● **Goal of the exercise**:
Among the lines of the data, copy those that hold "sqrt".

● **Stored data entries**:
****************
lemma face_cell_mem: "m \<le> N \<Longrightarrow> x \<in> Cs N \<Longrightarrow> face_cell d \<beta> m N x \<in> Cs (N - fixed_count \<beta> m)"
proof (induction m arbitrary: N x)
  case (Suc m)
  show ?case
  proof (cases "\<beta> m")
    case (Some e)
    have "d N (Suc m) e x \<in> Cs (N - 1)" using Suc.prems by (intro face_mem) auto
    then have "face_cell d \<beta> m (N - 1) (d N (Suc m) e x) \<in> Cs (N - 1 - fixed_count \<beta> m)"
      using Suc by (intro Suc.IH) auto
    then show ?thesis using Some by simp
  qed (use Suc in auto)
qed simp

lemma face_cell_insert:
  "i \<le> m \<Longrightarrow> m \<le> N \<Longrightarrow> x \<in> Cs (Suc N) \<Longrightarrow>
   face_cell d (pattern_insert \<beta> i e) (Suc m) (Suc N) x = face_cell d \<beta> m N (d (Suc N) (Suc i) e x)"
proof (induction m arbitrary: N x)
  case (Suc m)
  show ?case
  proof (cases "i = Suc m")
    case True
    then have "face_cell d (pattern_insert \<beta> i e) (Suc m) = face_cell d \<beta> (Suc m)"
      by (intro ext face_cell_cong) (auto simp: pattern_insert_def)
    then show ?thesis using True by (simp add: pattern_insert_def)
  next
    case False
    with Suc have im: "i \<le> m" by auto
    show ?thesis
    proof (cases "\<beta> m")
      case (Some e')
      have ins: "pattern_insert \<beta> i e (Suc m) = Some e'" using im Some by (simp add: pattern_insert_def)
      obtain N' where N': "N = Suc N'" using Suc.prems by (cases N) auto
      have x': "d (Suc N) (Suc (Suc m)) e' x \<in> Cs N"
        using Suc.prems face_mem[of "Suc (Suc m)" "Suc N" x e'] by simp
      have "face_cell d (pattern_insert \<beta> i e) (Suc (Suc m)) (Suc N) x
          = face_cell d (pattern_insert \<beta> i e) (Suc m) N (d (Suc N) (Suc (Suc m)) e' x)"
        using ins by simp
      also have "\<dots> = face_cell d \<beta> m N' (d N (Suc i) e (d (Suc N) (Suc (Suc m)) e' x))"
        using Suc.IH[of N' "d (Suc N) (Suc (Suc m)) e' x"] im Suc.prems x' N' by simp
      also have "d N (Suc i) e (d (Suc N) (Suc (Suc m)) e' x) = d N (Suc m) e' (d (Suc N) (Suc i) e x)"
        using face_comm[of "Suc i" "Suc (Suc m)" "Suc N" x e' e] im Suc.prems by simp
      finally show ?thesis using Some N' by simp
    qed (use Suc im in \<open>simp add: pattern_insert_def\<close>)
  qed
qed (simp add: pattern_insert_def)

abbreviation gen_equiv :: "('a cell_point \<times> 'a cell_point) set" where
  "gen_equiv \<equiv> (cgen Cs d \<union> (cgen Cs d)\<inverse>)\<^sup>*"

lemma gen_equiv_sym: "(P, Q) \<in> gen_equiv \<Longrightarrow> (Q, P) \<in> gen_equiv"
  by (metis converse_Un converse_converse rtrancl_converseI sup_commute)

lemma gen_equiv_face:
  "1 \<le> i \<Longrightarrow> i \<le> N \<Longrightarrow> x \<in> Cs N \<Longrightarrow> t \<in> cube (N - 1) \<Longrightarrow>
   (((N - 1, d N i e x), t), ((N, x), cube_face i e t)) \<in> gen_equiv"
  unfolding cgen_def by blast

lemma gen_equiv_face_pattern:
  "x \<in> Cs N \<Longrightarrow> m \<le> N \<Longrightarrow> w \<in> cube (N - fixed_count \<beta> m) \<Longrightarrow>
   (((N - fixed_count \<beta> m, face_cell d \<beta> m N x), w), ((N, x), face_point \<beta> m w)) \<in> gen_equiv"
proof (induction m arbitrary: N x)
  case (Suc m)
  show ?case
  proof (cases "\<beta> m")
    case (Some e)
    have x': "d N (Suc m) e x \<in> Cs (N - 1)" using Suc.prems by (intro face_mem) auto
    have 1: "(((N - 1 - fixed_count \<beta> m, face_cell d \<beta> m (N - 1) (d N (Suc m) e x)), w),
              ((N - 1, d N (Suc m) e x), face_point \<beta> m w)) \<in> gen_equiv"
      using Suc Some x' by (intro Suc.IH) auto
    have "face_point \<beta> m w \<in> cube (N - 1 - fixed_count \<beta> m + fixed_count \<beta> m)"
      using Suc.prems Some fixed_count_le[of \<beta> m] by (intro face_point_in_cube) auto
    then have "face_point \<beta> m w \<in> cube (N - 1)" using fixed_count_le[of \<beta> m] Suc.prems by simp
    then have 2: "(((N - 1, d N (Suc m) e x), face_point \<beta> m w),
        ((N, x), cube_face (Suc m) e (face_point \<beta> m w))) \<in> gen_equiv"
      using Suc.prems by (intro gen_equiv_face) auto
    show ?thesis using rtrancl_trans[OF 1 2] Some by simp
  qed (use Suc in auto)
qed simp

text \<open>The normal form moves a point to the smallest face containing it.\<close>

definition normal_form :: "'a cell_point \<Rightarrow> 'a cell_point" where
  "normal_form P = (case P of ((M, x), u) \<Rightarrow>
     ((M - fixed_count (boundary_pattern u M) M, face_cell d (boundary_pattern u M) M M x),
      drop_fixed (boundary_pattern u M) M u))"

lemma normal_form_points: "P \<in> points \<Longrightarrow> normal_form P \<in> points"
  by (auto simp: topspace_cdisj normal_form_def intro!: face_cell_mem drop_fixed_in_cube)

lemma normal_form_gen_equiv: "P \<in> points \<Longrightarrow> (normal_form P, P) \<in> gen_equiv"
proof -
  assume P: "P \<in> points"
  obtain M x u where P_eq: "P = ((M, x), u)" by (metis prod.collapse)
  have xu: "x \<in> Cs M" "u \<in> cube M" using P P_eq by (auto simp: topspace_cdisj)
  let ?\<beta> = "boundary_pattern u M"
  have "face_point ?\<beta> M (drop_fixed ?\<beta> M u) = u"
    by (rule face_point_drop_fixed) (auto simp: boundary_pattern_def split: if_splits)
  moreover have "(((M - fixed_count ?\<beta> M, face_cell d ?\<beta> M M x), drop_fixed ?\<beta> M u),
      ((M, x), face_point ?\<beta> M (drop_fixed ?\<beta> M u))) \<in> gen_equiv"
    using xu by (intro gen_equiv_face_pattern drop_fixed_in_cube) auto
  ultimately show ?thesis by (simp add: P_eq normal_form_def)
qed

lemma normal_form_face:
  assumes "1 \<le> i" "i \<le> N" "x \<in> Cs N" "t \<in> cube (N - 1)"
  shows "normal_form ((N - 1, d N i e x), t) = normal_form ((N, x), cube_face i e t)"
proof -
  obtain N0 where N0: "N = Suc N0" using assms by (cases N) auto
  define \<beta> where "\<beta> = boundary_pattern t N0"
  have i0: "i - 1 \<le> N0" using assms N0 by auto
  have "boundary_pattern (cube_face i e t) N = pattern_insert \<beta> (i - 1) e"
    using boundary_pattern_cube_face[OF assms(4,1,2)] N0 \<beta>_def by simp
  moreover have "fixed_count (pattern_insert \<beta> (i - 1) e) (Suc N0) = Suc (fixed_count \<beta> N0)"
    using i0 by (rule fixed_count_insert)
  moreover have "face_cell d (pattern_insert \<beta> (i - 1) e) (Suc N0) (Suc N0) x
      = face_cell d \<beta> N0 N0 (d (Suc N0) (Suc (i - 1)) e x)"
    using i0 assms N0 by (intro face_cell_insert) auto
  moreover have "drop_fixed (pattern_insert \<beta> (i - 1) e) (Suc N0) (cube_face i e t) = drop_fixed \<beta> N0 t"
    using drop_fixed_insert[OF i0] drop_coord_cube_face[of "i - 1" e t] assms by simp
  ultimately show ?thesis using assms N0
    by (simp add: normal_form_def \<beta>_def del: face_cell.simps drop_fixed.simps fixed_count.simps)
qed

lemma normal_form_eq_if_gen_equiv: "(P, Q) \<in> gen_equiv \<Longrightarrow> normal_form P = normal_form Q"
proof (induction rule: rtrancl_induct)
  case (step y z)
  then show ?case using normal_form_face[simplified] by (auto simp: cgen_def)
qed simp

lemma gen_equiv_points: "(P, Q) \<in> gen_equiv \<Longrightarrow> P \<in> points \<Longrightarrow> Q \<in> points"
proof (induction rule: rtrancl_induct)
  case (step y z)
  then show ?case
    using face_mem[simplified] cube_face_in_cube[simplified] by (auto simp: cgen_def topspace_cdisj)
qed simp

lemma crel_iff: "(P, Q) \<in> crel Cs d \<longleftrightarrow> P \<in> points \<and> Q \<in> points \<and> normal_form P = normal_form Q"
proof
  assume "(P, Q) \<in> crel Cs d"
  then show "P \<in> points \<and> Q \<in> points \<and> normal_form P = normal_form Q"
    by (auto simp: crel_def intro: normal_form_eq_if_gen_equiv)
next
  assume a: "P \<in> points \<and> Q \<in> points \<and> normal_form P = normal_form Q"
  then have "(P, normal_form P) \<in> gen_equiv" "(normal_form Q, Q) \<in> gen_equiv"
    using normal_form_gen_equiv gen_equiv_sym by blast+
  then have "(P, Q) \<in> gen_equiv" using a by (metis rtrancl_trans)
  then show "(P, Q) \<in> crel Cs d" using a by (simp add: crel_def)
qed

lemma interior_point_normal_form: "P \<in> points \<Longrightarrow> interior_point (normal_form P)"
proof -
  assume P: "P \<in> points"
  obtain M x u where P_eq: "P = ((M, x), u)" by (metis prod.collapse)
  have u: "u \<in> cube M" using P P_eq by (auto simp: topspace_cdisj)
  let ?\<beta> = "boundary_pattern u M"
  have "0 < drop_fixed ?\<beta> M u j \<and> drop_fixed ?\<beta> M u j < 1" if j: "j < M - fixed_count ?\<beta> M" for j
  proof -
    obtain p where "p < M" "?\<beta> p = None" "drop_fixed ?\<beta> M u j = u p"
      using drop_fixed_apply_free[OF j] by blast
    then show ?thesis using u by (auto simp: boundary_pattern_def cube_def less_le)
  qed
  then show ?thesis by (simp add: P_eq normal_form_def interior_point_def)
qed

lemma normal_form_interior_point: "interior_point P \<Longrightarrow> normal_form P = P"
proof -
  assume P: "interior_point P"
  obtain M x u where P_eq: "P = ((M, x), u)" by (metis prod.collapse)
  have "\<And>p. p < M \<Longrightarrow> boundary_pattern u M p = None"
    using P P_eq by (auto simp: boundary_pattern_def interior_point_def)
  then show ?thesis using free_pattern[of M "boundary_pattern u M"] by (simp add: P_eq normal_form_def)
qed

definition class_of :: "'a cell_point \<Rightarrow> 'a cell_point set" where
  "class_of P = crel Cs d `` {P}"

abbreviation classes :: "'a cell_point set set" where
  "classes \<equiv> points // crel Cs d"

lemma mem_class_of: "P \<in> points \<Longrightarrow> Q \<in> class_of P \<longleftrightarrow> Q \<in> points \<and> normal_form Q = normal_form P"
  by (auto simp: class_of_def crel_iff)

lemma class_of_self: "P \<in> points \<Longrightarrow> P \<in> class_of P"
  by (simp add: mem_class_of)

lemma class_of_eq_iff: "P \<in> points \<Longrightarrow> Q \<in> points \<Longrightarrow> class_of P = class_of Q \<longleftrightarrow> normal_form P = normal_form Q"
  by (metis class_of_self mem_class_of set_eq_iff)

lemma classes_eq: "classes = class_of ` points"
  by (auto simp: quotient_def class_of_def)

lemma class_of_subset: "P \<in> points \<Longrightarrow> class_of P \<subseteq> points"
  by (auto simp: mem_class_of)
****************
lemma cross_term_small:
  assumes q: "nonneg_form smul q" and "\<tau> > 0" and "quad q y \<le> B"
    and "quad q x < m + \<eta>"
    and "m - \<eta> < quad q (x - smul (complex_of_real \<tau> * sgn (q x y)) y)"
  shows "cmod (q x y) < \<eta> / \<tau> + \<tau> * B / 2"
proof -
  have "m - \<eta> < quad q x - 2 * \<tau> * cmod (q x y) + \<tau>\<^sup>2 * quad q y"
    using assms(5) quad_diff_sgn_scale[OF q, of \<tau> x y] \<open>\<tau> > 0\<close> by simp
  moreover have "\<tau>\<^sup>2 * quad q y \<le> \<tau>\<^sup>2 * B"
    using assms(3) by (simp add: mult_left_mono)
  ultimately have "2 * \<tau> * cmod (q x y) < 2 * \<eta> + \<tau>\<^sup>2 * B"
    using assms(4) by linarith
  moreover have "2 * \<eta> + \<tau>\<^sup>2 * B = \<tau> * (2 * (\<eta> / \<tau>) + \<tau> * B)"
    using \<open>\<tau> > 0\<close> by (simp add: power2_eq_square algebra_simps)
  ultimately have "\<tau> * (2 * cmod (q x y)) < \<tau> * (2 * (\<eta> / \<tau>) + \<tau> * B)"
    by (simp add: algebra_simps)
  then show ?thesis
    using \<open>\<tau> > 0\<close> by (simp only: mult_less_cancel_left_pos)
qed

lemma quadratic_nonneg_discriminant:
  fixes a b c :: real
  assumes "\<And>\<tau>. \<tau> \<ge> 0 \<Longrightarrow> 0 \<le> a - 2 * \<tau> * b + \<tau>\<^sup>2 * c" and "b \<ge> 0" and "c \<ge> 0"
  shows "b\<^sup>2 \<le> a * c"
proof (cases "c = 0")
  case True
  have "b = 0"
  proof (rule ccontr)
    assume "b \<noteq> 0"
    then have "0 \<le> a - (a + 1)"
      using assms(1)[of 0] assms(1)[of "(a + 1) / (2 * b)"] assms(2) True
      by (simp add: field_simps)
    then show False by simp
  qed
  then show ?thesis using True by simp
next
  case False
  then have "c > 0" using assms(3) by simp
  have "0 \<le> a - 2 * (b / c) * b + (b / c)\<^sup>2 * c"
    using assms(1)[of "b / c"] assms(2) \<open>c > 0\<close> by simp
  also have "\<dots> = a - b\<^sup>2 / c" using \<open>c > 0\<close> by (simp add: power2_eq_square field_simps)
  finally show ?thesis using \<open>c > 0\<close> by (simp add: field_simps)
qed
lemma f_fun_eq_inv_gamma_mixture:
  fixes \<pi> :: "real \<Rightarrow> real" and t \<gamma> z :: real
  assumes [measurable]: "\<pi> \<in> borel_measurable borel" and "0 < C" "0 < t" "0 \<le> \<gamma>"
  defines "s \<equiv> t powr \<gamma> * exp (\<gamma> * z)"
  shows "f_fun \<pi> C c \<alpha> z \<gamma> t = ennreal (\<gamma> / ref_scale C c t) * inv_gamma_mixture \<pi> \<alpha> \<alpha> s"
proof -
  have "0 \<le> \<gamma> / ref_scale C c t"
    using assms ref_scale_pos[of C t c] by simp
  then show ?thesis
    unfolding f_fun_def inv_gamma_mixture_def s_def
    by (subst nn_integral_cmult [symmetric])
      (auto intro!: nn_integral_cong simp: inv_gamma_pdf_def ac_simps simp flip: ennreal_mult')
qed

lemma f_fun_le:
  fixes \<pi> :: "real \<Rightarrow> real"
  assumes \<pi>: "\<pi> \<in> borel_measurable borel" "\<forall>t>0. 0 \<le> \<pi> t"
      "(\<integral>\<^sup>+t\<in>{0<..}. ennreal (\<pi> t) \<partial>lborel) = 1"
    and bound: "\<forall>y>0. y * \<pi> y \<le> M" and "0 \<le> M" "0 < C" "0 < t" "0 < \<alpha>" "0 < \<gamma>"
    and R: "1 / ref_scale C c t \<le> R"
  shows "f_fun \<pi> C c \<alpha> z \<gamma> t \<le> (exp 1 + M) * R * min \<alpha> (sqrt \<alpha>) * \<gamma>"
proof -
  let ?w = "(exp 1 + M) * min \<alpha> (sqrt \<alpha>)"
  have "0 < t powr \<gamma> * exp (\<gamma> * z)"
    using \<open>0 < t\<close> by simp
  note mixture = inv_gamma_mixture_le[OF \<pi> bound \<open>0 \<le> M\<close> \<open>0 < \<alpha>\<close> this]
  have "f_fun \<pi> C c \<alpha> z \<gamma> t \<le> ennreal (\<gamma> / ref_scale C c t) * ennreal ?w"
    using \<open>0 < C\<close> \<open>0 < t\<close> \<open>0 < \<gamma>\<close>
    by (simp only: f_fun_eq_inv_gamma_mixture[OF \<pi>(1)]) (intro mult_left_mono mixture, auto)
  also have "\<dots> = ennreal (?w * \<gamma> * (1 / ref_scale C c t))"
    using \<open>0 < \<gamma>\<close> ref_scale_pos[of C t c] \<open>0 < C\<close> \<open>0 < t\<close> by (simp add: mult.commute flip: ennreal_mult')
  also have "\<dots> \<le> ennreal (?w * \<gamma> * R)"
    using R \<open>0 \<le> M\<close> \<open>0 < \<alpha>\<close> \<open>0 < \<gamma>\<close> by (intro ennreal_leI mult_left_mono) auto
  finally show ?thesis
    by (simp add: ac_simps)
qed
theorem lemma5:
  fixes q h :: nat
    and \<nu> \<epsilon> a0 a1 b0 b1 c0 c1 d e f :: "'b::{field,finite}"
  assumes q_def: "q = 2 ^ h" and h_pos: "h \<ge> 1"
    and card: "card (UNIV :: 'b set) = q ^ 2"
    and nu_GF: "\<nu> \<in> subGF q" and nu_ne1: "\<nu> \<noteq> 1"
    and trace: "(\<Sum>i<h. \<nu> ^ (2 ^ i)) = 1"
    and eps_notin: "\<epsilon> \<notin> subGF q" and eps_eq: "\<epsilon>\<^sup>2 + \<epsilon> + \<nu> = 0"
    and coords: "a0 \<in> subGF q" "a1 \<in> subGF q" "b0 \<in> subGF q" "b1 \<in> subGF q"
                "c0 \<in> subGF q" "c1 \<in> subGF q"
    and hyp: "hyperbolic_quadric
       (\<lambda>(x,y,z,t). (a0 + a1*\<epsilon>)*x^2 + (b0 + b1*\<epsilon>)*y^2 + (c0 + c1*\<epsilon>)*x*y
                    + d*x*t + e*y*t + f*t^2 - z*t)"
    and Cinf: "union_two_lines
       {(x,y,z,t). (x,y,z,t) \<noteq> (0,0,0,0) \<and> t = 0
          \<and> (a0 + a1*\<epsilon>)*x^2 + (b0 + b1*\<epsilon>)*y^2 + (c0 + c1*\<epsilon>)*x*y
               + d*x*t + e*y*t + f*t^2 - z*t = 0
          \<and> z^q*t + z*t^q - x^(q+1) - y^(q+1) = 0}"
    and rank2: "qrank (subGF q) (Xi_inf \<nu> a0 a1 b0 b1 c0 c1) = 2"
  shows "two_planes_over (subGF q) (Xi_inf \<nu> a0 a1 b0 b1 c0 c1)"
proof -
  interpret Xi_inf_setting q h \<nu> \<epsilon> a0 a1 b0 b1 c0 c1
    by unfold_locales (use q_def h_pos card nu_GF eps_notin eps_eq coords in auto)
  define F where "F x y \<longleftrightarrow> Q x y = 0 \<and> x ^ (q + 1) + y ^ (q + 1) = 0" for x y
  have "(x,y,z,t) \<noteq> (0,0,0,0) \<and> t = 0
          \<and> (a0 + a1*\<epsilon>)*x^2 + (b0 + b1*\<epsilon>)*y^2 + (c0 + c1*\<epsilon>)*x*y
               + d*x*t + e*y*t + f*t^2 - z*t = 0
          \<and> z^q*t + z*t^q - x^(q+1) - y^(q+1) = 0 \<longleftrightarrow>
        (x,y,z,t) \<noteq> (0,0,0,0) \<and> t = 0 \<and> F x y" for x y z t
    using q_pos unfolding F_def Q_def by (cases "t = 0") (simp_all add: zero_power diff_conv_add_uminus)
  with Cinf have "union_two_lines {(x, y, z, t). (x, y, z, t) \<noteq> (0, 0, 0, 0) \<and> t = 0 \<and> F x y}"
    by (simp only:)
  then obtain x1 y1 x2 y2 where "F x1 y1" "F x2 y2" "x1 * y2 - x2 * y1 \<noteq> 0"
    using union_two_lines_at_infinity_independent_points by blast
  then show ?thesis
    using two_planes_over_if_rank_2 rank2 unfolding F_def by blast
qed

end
****************
● **Expected answer**:
  shows "f_fun \<pi> C c \<alpha> z \<gamma> t \<le> (exp 1 + M) * R * min \<alpha> (sqrt \<alpha>) * \<gamma>"
  let ?w = "(exp 1 + M) * min \<alpha> (sqrt \<alpha>)"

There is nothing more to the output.